Disgruntled Dodgeball founders leave Google

The founders of Dodgeball, a mobile social networking company acquired by Google in 2005, have quit to pursue other opportunities

The founders of Dodgeball, the mobile social networking service that Google bought in 2005, quit working for the search giant on Friday.

In a post on photo-sharing site Flickr, Dennis Crowley wrote that he and Alex Rainert decided to leave the company because Google wasn't supporting the project in the way they had expected. "The whole experience was incredibly frustrating for us -- especially as we couldn't convince them that dodgeball was worth engineering resources, leaving us to watch as other startups got to innovate in the mobile + social space," he wrote.

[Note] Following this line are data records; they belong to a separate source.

(* Let $X$ be a non-empty finite set and $\mathcal{P}$ a partition of $X$. Let $s$ be the number of distinct sizes of blocks of $\mathcal{P}$, and let $r$ be the number of sizes $m$ such that $\mathcal{P}$ has at least two blocks of size $m$. Then $\operatorname{rank}(T(X,\mathcal{P}):\Sigma(X,\mathcal{P}))=\binom{s}{2}+r$.
   Context: $T(X,\mathcal{P})$ is the semigroup (under composition) of maps $f:X\to X$ such that for every block $P$ of $\mathcal{P}$ there is a block $Q$ with $Pf\subseteq Q$; $\Sigma(X,\mathcal{P})$ is the subsemigroup of those $f\in T(X,\mathcal{P})$ whose image intersects every block of $\mathcal{P}$. For a subsemigroup $U$ of a semigroup $V$, the relative rank $\operatorname{rank}(V:U)$ is the least cardinality of a subset $W\subseteq V$ such that $U\cup W$ generates $V$ as a semigroup. *)

theory Defs
  imports Main "HOL-Library.FuncSet" "HOL-Library.Disjoint_Sets"
begin

text \<open>Maps X -> X are represented as extensional functions (value undefined outside X),
so that distinct maps are distinct HOL functions. Composition is the restricted
composition from FuncSet.\<close>

definition T_part :: "'a set \<Rightarrow> 'a set set \<Rightarrow> ('a \<Rightarrow> 'a) set" where
  "T_part X P = {f \<in> X \<rightarrow>\<^sub>E X. \<forall>B\<in>P. \<exists>C\<in>P. f ` B \<subseteq> C}"

definition Sigma_part :: "'a set \<Rightarrow> 'a set set \<Rightarrow> ('a \<Rightarrow> 'a) set" where
  "Sigma_part X P = {f \<in> T_part X P. \<forall>B\<in>P. f ` X \<inter> B \<noteq> {}}"

inductive_set sgen :: "'a set \<Rightarrow> ('a \<Rightarrow> 'a) set \<Rightarrow> ('a \<Rightarrow> 'a) set"
  for X :: "'a set" and S :: "('a \<Rightarrow> 'a) set" where
  base: "f \<in> S \<Longrightarrow> f \<in> sgen X S"
| comp: "f \<in> sgen X S \<Longrightarrow> g \<in> sgen X S \<Longrightarrow> compose X g f \<in> sgen X S"

text \<open>Relative rank rank(V:U): least cardinality of W \<subseteq> V with U \<union> W generating V.
(Used here only for finite X, so V is finite and W ranges over finite sets.)\<close>
definition relrank :: "'a set \<Rightarrow> ('a \<Rightarrow> 'a) set \<Rightarrow> ('a \<Rightarrow> 'a) set \<Rightarrow> nat" where
  "relrank X V U = (LEAST n. \<exists>W. W \<subseteq> V \<and> finite W \<and> card W = n \<and> sgen X (U \<union> W) = V)"

end

theory Submission
  imports Defs "HOL-Combinatorics.Transposition"
begin

text \<open>
  A map \<open>f \<in> T(X,\<P>)\<close> induces a map on the blocks of \<open>\<P>\<close>, and \<open>f \<in> \<Sigma>(X,\<P>)\<close> exactly when
  this block map is a permutation. Call a map that sends a block \<open>U\<close> into another block \<open>C\<close>
  and fixes all other points a merge of \<open>U\<close> into \<open>C\<close>, and call \<open>{|B|, |B'|}\<close> the type of a
  pair of distinct blocks \<open>B, B'\<close>.

  Upper bound: by induction on the number of blocks missed by \<open>f\<close>, every \<open>f \<in> T(X,\<P>)\<close> is a
  product of elements of \<open>\<Sigma>(X,\<P>)\<close> and merges; and every merge of \<open>U\<close> into \<open>C\<close> is
  \<open>\<sigma> e R \<sigma>'\<close> with \<open>\<sigma>, \<sigma>' \<in> \<Sigma>(X,\<P>)\<close>, \<open>R\<close> a permutation of \<open>X\<close> permuting the blocks, and \<open>e\<close> a
  fixed injective merge of a block into a block of the same two sizes \<open>{|U|, |C|}\<close>. So one
  generator per such size type suffices, and there are \<open>(s choose 2) + r\<close> types.

  Lower bound: suppose a product of elements of \<open>\<Sigma>(X,\<P>) \<union> W\<close> is injective on every block and
  all pairs of distinct blocks it identifies have the same type \<open>t\<close>. The factor applied first either
  lies outside \<open>\<Sigma>(X,\<P>)\<close>, and then it has the same property, or it lies in \<open>\<Sigma>(X,\<P>)\<close>; then,
  being injective on blocks, it is a bijection of \<open>X\<close> mapping blocks onto blocks of the same
  size, so the remaining factors have the property. Hence \<open>W\<close> contains a map of this kind for
  every type \<open>t\<close>, and distinct types need distinct maps.
\<close>

section \<open>Bijections and orbits of finite maps\<close>

lemma extend_inj_on_to_bij_betw:
  assumes "finite C" "finite D" "card C = card D" "A \<subseteq> C" "inj_on g A" "g ` A \<subseteq> D"
  shows "\<exists>\<theta>. bij_betw \<theta> C D \<and> (\<forall>a\<in>A. \<theta> a = g a)"
proof -
  have "finite A" using assms(1,4) finite_subset by blast
  then have "card (C - A) = card (D - g ` A)"
    using assms by (simp add: card_Diff_subset card_image)
  then obtain k where k: "bij_betw k (C - A) (D - g ` A)"
    using assms(1,2) finite_same_card_bij finite_Diff by metis
  define \<theta> where "\<theta> x = (if x \<in> A then g x else k x)" for x
  have "bij_betw \<theta> A (g ` A)"
    using assms(5) by (auto simp: \<theta>_def bij_betw_def inj_on_def)
  moreover have "bij_betw \<theta> (C - A) (D - g ` A)"
    using k by (rule bij_betw_cong[THEN iffD1, rotated]) (simp add: \<theta>_def)
  ultimately have "bij_betw \<theta> (A \<union> (C - A)) (g ` A \<union> (D - g ` A))"
    by (rule bij_betw_combine) blast
  moreover have "A \<union> (C - A) = C" "g ` A \<union> (D - g ` A) = D"
    using assms(4,6) by blast+
  ultimately show ?thesis
    by (auto simp: \<theta>_def)
qed

lemma funpow_orbit_repeats:
  assumes "finite S" "\<phi> ` S \<subseteq> S" "D \<in> S"
  shows "\<exists>i j. i < j \<and> (\<phi> ^^ i) D = (\<phi> ^^ j) D"
proof -
  have orbit: "(\<phi> ^^ n) D \<in> S" for n
    by (induction n) (use assms in auto)
  have "\<not> inj_on (\<lambda>n. (\<phi> ^^ n) D) {0..card S}"
  proof
    assume "inj_on (\<lambda>n. (\<phi> ^^ n) D) {0..card S}"
    then have "card {0..card S} \<le> card S"
      using card_inj_on_le[OF _ _ assms(1)] orbit by blast
    then show False
      by simp
  qed
  then obtain m n where "m \<noteq> n" "(\<phi> ^^ m) D = (\<phi> ^^ n) D"
    unfolding inj_on_def by blast
  then show ?thesis
    by (metis linorder_neqE_nat)
qed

When Google bought Dodgeball in 2005, Crowley wrote in a blog posting that he and Rainert were excited that as a result of the acquisition they'd have the time and resources to follow through on ideas that they wanted to work on.

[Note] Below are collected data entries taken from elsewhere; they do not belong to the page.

lemma boundary_ham_path_three_columns:
  assumes "s \<in> strip a (a + 2)" "t \<in> strip a (a + 2)" "s < t"
    and "fst s = a \<and> fst t = a + 2 \<or> snd s = 2 \<and> snd t = 2"
  shows "\<exists>P. boundary_ham_path a (a + 2) s t P"
proof -
  define Ps :: "vertex list list" where "Ps =
     [[(a, 1), (a, 2), (a, 3), (a + 1, 2), (a + 1, 3), (a + 2, 3), (a + 2, 2), (a + 1, 1), (a + 2, 1)],
      [(a, 1), (a, 2), (a, 3), (a + 1, 3), (a + 2, 3), (a + 1, 2), (a + 1, 1), (a + 2, 1), (a + 2, 2)],
      [(a, 1), (a, 2), (a, 3), (a + 1, 2), (a + 1, 1), (a + 2, 1), (a + 2, 2), (a + 1, 3), (a + 2, 3)],
      [(a, 2), (a, 1), (a + 1, 1), (a + 1, 2), (a, 3), (a + 1, 3), (a + 2, 3), (a + 2, 2), (a + 2, 1)],
      [(a, 2), (a, 1), (a + 1, 1), (a + 2, 1), (a + 1, 2), (a, 3), (a + 1, 3), (a + 2, 3), (a + 2, 2)],
      [(a, 2), (a, 1), (a + 1, 1), (a + 2, 1), (a + 1, 2), (a, 3), (a + 1, 3), (a + 2, 2), (a + 2, 3)],
      [(a, 3), (a, 2), (a, 1), (a + 1, 1), (a + 1, 2), (a + 1, 3), (a + 2, 3), (a + 2, 2), (a + 2, 1)],
      [(a, 3), (a, 2), (a, 1), (a + 1, 1), (a + 2, 1), (a + 1, 2), (a + 1, 3), (a + 2, 3), (a + 2, 2)],
      [(a, 3), (a, 2), (a, 1), (a + 1, 1), (a + 1, 2), (a + 2, 1), (a + 2, 2), (a + 1, 3), (a + 2, 3)],
      [(a, 2), (a, 1), (a + 1, 1), (a + 2, 1), (a + 2, 2), (a + 2, 3), (a + 1, 3), (a, 3), (a + 1, 2)],
      [(a + 1, 2), (a + 2, 1), (a + 1, 1), (a, 1), (a, 2), (a, 3), (a + 1, 3), (a + 2, 3), (a + 2, 2)]]"
  have "\<forall>P \<in> set Ps. boundary_ham_path a (a + 2) (hd P) (last P) P"
    by (simp add: Ps_def boundary_ham_path_def ham_path_iff_card has_column_edge_Cons_Cons
        has_column_edge_singleton strip_def sg_adj_def)
  moreover have "\<exists>P \<in> set Ps. hd P = s \<and> last P = t"
    using assms unfolding strip_three_columns by (elim SigmaE insertE emptyE; simp add: Ps_def)
  ultimately show ?thesis by blast
qed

Their departure follows complaints around the blogosphere that Dodgeball has languished at Google with little innovation added to the service since the acquisition. Some bloggers have questioned the future of Dodgeball, now that the founders are gone.

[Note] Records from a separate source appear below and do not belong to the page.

lemma rel_close_tendsto_zero:
  assumes "rel_close a b" and "eventually (\<lambda>i. a i \<noteq> 0) sequentially" and "a \<longlonglongrightarrow> 0"
  shows "b \<longlonglongrightarrow> 0"
proof -
  have "(\<lambda>i. norm (a i - b i) / norm (a i) * norm (a i)) \<longlonglongrightarrow> 0"
    using tendsto_mult[OF assms(1)[unfolded rel_close_def] tendsto_norm_zero[OF assms(3)]] by simp
  moreover have "eventually (\<lambda>i. norm (a i - b i) / norm (a i) * norm (a i) = norm (a i - b i)) sequentially"
    using assms(2) by eventually_elim simp
  ultimately have "(\<lambda>i. norm (a i - b i)) \<longlonglongrightarrow> 0"
    by (rule Lim_transform_eventually)
  then have "(\<lambda>i. a i - b i) \<longlonglongrightarrow> 0"
    by (rule tendsto_norm_zero_cancel)
  from tendsto_diff[OF assms(3) this] show ?thesis by simp
qed

lemma rel_close_sgn_tendsto:
  assumes "rel_close a b" and "eventually (\<lambda>i. a i \<noteq> 0) sequentially"
    and "(\<lambda>i. sgn (a i)) \<longlonglongrightarrow> d"
  shows "(\<lambda>i. sgn (b i)) \<longlonglongrightarrow> d"
proof -
  have "(\<lambda>i. sgn (b i) - sgn (a i)) \<longlonglongrightarrow> 0"
  proof (rule Lim_null_comparison)
    show "eventually (\<lambda>i. norm (sgn (b i) - sgn (a i)) \<le> 2 * (norm (a i - b i) / norm (a i))) sequentially"
      using assms(2) by eventually_elim (use norm_sgn_diff_le in \<open>auto simp: norm_minus_commute\<close>)
    show "(\<lambda>i. 2 * (norm (a i - b i) / norm (a i))) \<longlonglongrightarrow> 0"
      using tendsto_mult_right_zero assms(1) unfolding rel_close_def by blast
  qed
  from tendsto_add[OF this assms(3)] show ?thesis by simp
qed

Google confirmed that Crowley and Rainert have left the company and emphasized its commitment to mobile social networking. "Dodgeball was an early attempt at understanding user needs in this space and we are continuing to evolve our

thinking and our offerings. However, we have nothing to announce at this time," Google said in a statement.

Biographies of Crowley and Rainert still appear on the "about us" page on Dodgeball.com.

Dodgeball users send a message from their mobile phones with their location, such as a bar or restaurant, to the service. The service then sends the user's designated friends a message letting them know where the user is. The user can also ask to be notified of the whereabouts of nearby friends of their friends.

Starting Monday, Crowley joined area/code, a company founded in 2005 that designs and executes what it calls Big Games. Big Games are large-scale, real-world games, such as one called PacManhattan where participants dress like characters in the video game Pac-Man and play the game by running through a designated course in Manhattan.

Rainert joined IconNicholson, a digital design agency.